[INFORMATION — start]
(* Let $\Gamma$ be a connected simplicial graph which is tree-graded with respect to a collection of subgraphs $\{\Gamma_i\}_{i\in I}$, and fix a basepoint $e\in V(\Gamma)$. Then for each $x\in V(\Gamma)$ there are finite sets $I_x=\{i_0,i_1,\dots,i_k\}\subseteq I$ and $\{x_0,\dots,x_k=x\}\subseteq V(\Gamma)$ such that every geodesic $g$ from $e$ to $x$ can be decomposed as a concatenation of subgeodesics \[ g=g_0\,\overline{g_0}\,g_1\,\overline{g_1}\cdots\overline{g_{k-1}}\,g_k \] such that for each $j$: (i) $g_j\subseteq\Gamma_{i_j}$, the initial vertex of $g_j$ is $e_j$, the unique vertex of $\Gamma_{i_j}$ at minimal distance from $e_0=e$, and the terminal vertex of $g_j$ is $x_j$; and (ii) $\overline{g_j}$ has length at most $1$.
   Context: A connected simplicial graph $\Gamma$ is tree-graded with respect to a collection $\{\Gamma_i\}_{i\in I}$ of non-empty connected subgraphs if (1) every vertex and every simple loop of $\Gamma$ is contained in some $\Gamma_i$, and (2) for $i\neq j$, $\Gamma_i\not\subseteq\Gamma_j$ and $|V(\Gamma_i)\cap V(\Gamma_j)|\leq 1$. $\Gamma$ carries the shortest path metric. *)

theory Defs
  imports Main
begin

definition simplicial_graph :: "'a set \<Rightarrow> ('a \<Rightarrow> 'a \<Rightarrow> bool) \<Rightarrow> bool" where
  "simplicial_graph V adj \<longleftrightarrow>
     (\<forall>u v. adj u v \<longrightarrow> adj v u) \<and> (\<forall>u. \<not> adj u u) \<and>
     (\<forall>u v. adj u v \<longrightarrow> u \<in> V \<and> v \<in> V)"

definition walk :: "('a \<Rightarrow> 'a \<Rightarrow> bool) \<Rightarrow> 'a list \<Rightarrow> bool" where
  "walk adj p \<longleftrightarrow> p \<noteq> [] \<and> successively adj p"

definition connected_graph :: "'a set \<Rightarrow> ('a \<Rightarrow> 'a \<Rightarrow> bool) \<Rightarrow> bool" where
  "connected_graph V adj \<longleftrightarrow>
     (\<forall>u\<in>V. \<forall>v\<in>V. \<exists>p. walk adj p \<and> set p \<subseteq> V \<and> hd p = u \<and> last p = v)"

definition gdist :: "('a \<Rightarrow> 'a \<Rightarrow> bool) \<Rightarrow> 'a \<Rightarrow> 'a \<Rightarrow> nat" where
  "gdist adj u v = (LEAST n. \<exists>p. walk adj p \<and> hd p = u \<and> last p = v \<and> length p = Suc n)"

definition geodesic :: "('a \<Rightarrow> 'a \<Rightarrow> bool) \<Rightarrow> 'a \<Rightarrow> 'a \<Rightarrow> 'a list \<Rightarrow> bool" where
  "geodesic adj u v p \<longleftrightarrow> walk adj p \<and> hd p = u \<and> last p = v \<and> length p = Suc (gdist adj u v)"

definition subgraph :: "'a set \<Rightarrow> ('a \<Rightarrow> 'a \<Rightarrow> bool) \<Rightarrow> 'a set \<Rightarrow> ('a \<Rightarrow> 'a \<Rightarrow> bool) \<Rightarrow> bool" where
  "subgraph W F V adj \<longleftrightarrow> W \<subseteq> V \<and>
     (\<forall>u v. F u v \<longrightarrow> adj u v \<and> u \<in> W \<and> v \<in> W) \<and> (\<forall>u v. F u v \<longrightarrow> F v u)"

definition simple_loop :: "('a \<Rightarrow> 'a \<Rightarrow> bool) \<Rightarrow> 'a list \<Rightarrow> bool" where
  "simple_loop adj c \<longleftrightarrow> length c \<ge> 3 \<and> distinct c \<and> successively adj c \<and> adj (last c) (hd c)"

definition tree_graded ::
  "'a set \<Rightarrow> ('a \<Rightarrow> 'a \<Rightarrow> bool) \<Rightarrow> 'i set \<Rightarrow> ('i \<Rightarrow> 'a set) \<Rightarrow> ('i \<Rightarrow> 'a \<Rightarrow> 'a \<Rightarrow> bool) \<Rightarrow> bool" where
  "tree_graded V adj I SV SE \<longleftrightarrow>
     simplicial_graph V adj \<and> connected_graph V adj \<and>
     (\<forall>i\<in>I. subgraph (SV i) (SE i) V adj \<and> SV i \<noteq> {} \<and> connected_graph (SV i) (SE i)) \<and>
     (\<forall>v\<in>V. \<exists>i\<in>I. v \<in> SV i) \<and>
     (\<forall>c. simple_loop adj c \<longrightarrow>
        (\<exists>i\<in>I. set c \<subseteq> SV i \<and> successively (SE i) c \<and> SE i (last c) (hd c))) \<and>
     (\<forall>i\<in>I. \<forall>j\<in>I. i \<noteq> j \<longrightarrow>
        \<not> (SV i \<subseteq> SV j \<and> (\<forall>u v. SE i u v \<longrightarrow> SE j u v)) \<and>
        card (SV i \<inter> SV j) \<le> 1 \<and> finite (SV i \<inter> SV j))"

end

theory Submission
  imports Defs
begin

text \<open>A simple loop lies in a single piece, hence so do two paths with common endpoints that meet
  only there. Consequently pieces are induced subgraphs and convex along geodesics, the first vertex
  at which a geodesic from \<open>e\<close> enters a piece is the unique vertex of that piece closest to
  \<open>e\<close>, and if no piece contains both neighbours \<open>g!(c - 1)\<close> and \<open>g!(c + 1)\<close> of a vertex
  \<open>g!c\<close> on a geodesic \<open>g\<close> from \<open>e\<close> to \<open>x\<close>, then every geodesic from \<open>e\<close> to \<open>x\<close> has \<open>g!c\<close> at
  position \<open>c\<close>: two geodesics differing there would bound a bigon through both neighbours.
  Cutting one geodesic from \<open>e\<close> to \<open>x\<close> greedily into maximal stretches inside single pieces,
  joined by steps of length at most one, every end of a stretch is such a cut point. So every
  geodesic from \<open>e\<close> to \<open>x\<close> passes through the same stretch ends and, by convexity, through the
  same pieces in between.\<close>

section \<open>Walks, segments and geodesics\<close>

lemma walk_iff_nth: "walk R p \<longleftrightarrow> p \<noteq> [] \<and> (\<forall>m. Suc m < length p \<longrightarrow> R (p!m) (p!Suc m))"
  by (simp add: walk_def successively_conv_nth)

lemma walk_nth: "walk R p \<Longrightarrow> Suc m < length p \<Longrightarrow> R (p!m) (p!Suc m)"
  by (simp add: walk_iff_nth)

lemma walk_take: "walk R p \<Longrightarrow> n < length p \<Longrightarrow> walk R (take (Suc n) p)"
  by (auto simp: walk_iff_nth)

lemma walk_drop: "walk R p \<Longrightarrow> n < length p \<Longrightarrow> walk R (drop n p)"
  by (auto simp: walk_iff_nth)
[INFORMATION — finish]
Among the lines above, which hold the word "list"? Report each one.

▸ **TASK RESULT**:
definition walk :: "('a \<Rightarrow> 'a \<Rightarrow> bool) \<Rightarrow> 'a list \<Rightarrow> bool" where
definition geodesic :: "('a \<Rightarrow> 'a \<Rightarrow> bool) \<Rightarrow> 'a \<Rightarrow> 'a \<Rightarrow> 'a list \<Rightarrow> bool" where
definition simple_loop :: "('a \<Rightarrow> 'a \<Rightarrow> bool) \<Rightarrow> 'a list \<Rightarrow> bool" where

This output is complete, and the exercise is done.